訪日外国人の移動実態が明らかに!(JR東日本とNTTデータ)

訪日外国人の移動実態が明らかに、JR東日本とNTTデータがデータ公表、入国地や国籍で移動の違い鮮明
(トラベルボイス 2017年4月21日)
https://www.travelvoice.jp/20170421-87449


このデータは凄い! 訪日外国人の移動実態がかなり正確にわかる。
JR東日本・NTTデータ「訪日外国人旅行者移動実態調査結果」をご覧ください。
http://www.jreast.co.jp/press/2017/20170412.pdf
“いつ” “どんな人が” “ドコから” “ドコに” 動いたかが分かる。ビッグデータの重みを感じるデータです。
広域移動ではNTTデータの訪日外国人約500万台の携帯電話のデータを基にしており、法務省の出入国管理データとの誤差が少ない。

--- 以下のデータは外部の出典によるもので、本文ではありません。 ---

(* Let $T$ be a finite set of students and $S$ a finite set of schools, school $s$ having capacity $q_s$. Each student $t$ submits an ordered list $\mathcal{L}_t=(s_t^1,\dots,s_t^{L_t})$ of distinct schools. For each school $s$, let $\mathcal{L}_s=\{t: s\in\mathcal{L}_t\}$ be its applicants; $s$ partitions $\mathcal{L}_s$ into acceptable and unacceptable applicants and strictly ranks the acceptable ones by a priority order $pr_s$. Let $\mu$ be the outcome of the student-proposing deferred acceptance algorithm run on these submitted lists and priorities (so each matched student $t$ has $\mu(t)\in\mathcal{L}_t$ and is acceptable to $\mu(t)$, and unacceptable applicants are never admitted). Suppose $\mu$ is non-wasteful: either $|\mu(s)|=q_s$ for every school $s$, or no student is unmatched. Then there exist a strict preference order $\succ_t$ over all of $S$ for each student $t$ and a strict priority order $\rhd_s$ over all of $T$ for each school $s$ such that (1) they are consistent with the submitted data: for each $t$, if $s,s'\in\mathcal{L}_t$ and $s$ appears before $s'$ in $\mathcal{L}_t$ then $s\succ_t s'$; for each $s$, if $t,t'$ are acceptable applicants of $s$ with $t$ ranked above $t'$ by $pr_s$ then $t\rhd_s t'$, and every acceptable applicant of $s$ is ranked by $\rhd_s$ above every unacceptable applicant of $s$; and (2) $\mu$ is stable under $(\succ,\rhd)$.
   Context: A matching $\mu$ assigns each student $t$ either a school $\mu(t)\in S$ or leaves $t$ unmatched ($\mu(t)=t$), with $\mu(s)=\{t:\mu(t)=s\}$ and $|\mu(s)|\le q_s$. Under complete preferences, every student prefers any school to being unmatched. A matching $\mu$ is stable under $(\succ,\rhd)$ if there is no pair $(t,s)$ of a student and a school with either (i) $\mu(t)=t$ and $|\mu(s)|<q_s$, or (ii) $s\succ_t\mu(t)$ and $t\rhd_s t'$ for some $t'\in\mu(s)$. *)

theory Defs
  imports Main
begin

(* Submitted data:
   T :: 't set        finite set of students
   L :: 't => 's list  ordered (distinct) rank-order list of student t, first = most preferred
   q :: 's => nat      capacities
   pr :: 's => 't list  the acceptable applicants of s, listed by priority pr_s (first = highest);
                        applicants of s not in set (pr s) are unacceptable. *)

definition applicants :: "'t set \<Rightarrow> ('t \<Rightarrow> 's list) \<Rightarrow> 's \<Rightarrow> 't set" where
  "applicants T L s = {t \<in> T. s \<in> set (L t)}"

(* State: idx t = number of rejections received by t,
   so t currently proposes to L t ! idx t (if idx t < length (L t)). *)
definition da_proposers :: "'t set \<Rightarrow> ('t \<Rightarrow> 's list) \<Rightarrow> ('t \<Rightarrow> nat) \<Rightarrow> 's \<Rightarrow> 't set" where
  "da_proposers T L idx s = {t \<in> T. idx t < length (L t) \<and> L t ! idx t = s}"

入国者数、滞在数、出国数を関東と近畿をピックアップすると
全入国者550.7万人のうち、関東における入国249.7万人(45.3%)、滞在268.6万人(48.8%)、出国251.9万人(45.7%)
全入国者550.7万人のうち、近畿における入国159.1万人(28.9%)、滞在204.0万人(37.0%)、出国158.4万人(28.8%)

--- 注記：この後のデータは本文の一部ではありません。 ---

lemma bridge_ratiosE:
  fixes K :: "real set"
  assumes "x \<in> bridge_ratios \<epsilon> K" "compact K"
  obtains L G where "compact L" "\<And>\<epsilon>'. bridge_ratios \<epsilon>' L = bridge_ratios \<epsilon>' K"
    "G \<in> gaps L" "x = bridge_ratio \<epsilon> L G"
proof -
  consider G where "G \<in> gaps K" "x = bridge_ratio \<epsilon> K G"
    | G where "G \<in> gaps (uminus ` K)" "x = bridge_ratio \<epsilon> (uminus ` K) G"
    using assms(1) unfolding bridge_ratios_def by blast
  then show thesis
  proof cases
    case 1
    then show thesis by (rule that[OF assms(2) refl])
  next
    case 2
    then show thesis by (rule that[OF compact_negations[OF assms(2)] bridge_ratios_uminus])
  qed
qed

lemma bridge_ratio_mem: "G \<in> gaps K \<Longrightarrow> bridge_ratio \<epsilon> K G \<in> bridge_ratios \<epsilon> K"
  by (simp add: bridge_ratios_def)

lemma bridge_ratios_nonneg:
  fixes K :: "real set"
  assumes "compact K" "x \<in> bridge_ratios \<epsilon> K"
  shows "0 \<le> x"
proof -
  obtain L G where "compact L" "G \<in> gaps L" "x = bridge_ratio \<epsilon> L G"
    using assms(2,1) by (rule bridge_ratiosE)
  then show ?thesis
    using right_bridge_end_bounds[of L G \<epsilon>] glen_gap_pos[OF compact_imp_closed, of L G]
    by (simp add: bridge_ratio_def)
qed

lemma bridge_ratio_antimono:
  fixes K :: "real set"
  assumes "compact K" "G \<in> gaps K" "\<epsilon> \<le> \<epsilon>'" "\<epsilon>' < 1"
  shows "bridge_ratio \<epsilon>' K G \<le> bridge_ratio \<epsilon> K G"
  unfolding bridge_ratio_def
  using right_bridge_end_antimono[OF assms] glen_gap_pos[OF compact_imp_closed[OF assms(1)] assms(2)]
  by (intro divide_right_mono) auto

lemma bridge_ratio_lower_bound:
  fixes K :: "real set"
  assumes "compact K" "G \<in> gaps K" "0 \<le> \<epsilon>" "\<epsilon> < 1"
    and t: "0 \<le> t" "\<And>x. x \<in> bridge_ratios 0 K \<Longrightarrow> t \<le> x"
  shows "(1 - \<epsilon>) * t \<le> bridge_ratio \<epsilon> K G"
  using right_bridge_end_cases[OF assms(1-4)]
proof
  assume "right_bridge_end \<epsilon> K G = right_bridge_end 0 K G"
  then have "t \<le> bridge_ratio \<epsilon> K G"
    using t(2)[OF bridge_ratio_mem[OF assms(2)]] by (simp add: bridge_ratio_def)
  moreover have "(1 - \<epsilon>) * t \<le> t"
    using t(1) assms(3,4) by (intro mult_left_le_one_le) auto
  ultimately show ?thesis
    by linarith
next
  assume "\<exists>H\<in>gaps K. (1 - \<epsilon>) * glen G \<le> glen H \<and> left_bridge_end 0 K H = Sup G
    \<and> right_bridge_end \<epsilon> K G = Inf H"
  then obtain H where H: "H \<in> gaps K" "(1 - \<epsilon>) * glen G \<le> glen H"
    "left_bridge_end 0 K H = Sup G" "right_bridge_end \<epsilon> K G = Inf H"
    by blast
  have K: "closed K"
    using assms(1) by (rule compact_imp_closed)
  have "bridge_ratio 0 (uminus ` K) (uminus ` H) = (Inf H - Sup G) / glen H"
    using H(3) by (simp add: bridge_ratio_def left_bridge_end_uminus[OF K] Sup_uminus_image_real)
  moreover have "bridge_ratio 0 (uminus ` K) (uminus ` H) \<in> bridge_ratios 0 K"
    using bridge_ratio_mem[OF uminus_image_mem_gaps[OF K H(1)]] by (simp add: bridge_ratios_uminus)
  ultimately have "t \<le> (Inf H - Sup G) / glen H"
    using t(2) by simp
  then have "t * glen H \<le> Inf H - Sup G"
    using glen_gap_pos[OF K H(1)] by (simp add: pos_le_divide_eq)
  moreover have "(1 - \<epsilon>) * t * glen G \<le> t * glen H"
    using mult_left_mono[OF H(2) t(1)] by (simp add: ac_simps)
  ultimately show ?thesis
    using H(4) glen_gap_pos[OF K assms(2)] by (simp add: bridge_ratio_def pos_le_divide_eq)
qed

lemma eps_thickness_nonneg:
  fixes K :: "real set"
  assumes "compact K" "gaps K \<noteq> {}"
  shows "0 \<le> eps_thickness \<epsilon> K"
  unfolding eps_thickness_eq_Inf_bridge_ratios[OF compact_imp_closed[OF assms(1)]]
  using assms(2) bridge_ratios_nonneg[OF assms(1)]
  by (intro cInf_greatest) (auto simp: bridge_ratios_def)

lemma bdd_below_bridge_ratios:
  fixes K :: "real set"
  assumes "compact K"
  shows "bdd_below (bridge_ratios \<epsilon> K)"
  using bridge_ratios_nonneg[OF assms] by (auto simp: bdd_below_def)

lemma eps_thickness_le_thickness:
  fixes K :: "real set"
  assumes "compact K" "gaps K \<noteq> {}" "0 \<le> \<epsilon>" "\<epsilon> < 1"
  shows "eps_thickness \<epsilon> K \<le> thickness K"
  unfolding thickness_def eps_thickness_eq_Inf_bridge_ratios[OF compact_imp_closed[OF assms(1)]]
proof (rule cInf_greatest)
  show "bridge_ratios 0 K \<noteq> {}"
    using assms(2) by (simp add: bridge_ratios_def)
next
  fix x assume "x \<in> bridge_ratios 0 K"
  then obtain L G where L: "compact L" "\<And>\<epsilon>'. bridge_ratios \<epsilon>' L = bridge_ratios \<epsilon>' K"
    "G \<in> gaps L" "x = bridge_ratio 0 L G"
    by (rule bridge_ratiosE[OF _ assms(1)]) blast
  have "Inf (bridge_ratios \<epsilon> K) \<le> bridge_ratio \<epsilon> L G"
    using bridge_ratio_mem[OF L(3)] L(2) bdd_below_bridge_ratios[OF assms(1)]
    by (auto intro: cInf_lower)
  also have "\<dots> \<le> x"
    using bridge_ratio_antimono[OF L(1,3) assms(3,4)] L(4) by simp
  finally show "Inf (bridge_ratios \<epsilon> K) \<le> x" .
qed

入国者のうち、狭域旅行、広域旅行、戻って出国、異動先から出国
関東に入国253.0万人のうち狭域旅行156.8万人(62.0%)、広域旅行96.2万人(38.0%)、戻って出国68.7万人、異動先から出国27.5万人
近畿に入国160.7万人のうち狭域旅行113.6万人(70.7%)、広域旅行47.1万人(29.3%)、戻って出国19.4万人、異動先から出国27.7万人

近畿地方における国別の動向は、
中国が入国45.6万人(32.8%)、滞在69.2万人(49.8%)、出国44.8万人(32.3%) (滞在2位)
韓国が入国44.8万人(36.4%)、滞在46.0万人(37.4%)、出国44.8万人(36.4%) (滞在1位)
台湾が入国32.1万人(29.9%)、滞在33.8万人(31.5%)、出国32.0万人(29.8%) (滞在2位)
香港が入国15.3万人(30.7%)、滞在17.0万人(33.9%)、滞在17.0万人(33.9%) (滞在2位)
タイが入国3.4万人(23.4%)、滞在4.2万人(28.6%)、出国3.4万人(23.3%)       (滞在2位)
アメリカが入国3.0万人(9.0%)、滞在7.4万人(22.0%)、出国3.2万人(9.5%)     (滞在2位) (関東入国28.8万人(86.1%))


【ポイント】
JR東日本とNTTデータは、訪日外国人旅行者の移動実態に関する共同調査を実施した。
広域移動が多いのは関東と近畿からの入国者。これに対して、区域内の狭域移動は北海道や沖縄、九州の入国者が多い。
中国、米国、フランスからの旅行者は広域移動の傾向が高く、滞在する都道府県の数が多い。
台湾や香港は地方への分散傾向がみられるが、韓国は移動傾向が低い。

関東への入国者のうち域内移動は62.0%、広域移動は38.1%。広域移動をして、移動先から出国した人は10.9%だった。
関東からの移動先で多かったのは、近畿(35.8万人)、東海(30.1万人)、信越(9.6万人)、北海道(7.2万人)、中国(7.1万人)の順。
滞在した都道府県の数は、1人当たり2.9人だった。

広域移動での交通機関の利用率では、中国は飛行機(55%)、新幹線(46%)、バス(34%)の順に対し、米国は飛行機(37%)、新幹線(38%)、バス(33%)と、いずれの割合に大差がなかった。

利用データは、広域移動実態調査ではNTTデータの訪日外国人約500万台の携帯電話運用データで、2016年6~8月分を集計。
狭域(首都圏)移動実態調査は、NTTアド提供の観光アプリ「Japan Travel Guide」のGPSデータを使用した。
訪日中の移動・公共機関の利用状況に関するウェブアンケート調査は、中国、韓国、台湾、香港、米国の5か国地域の訪日旅行経験者を対象に実施した。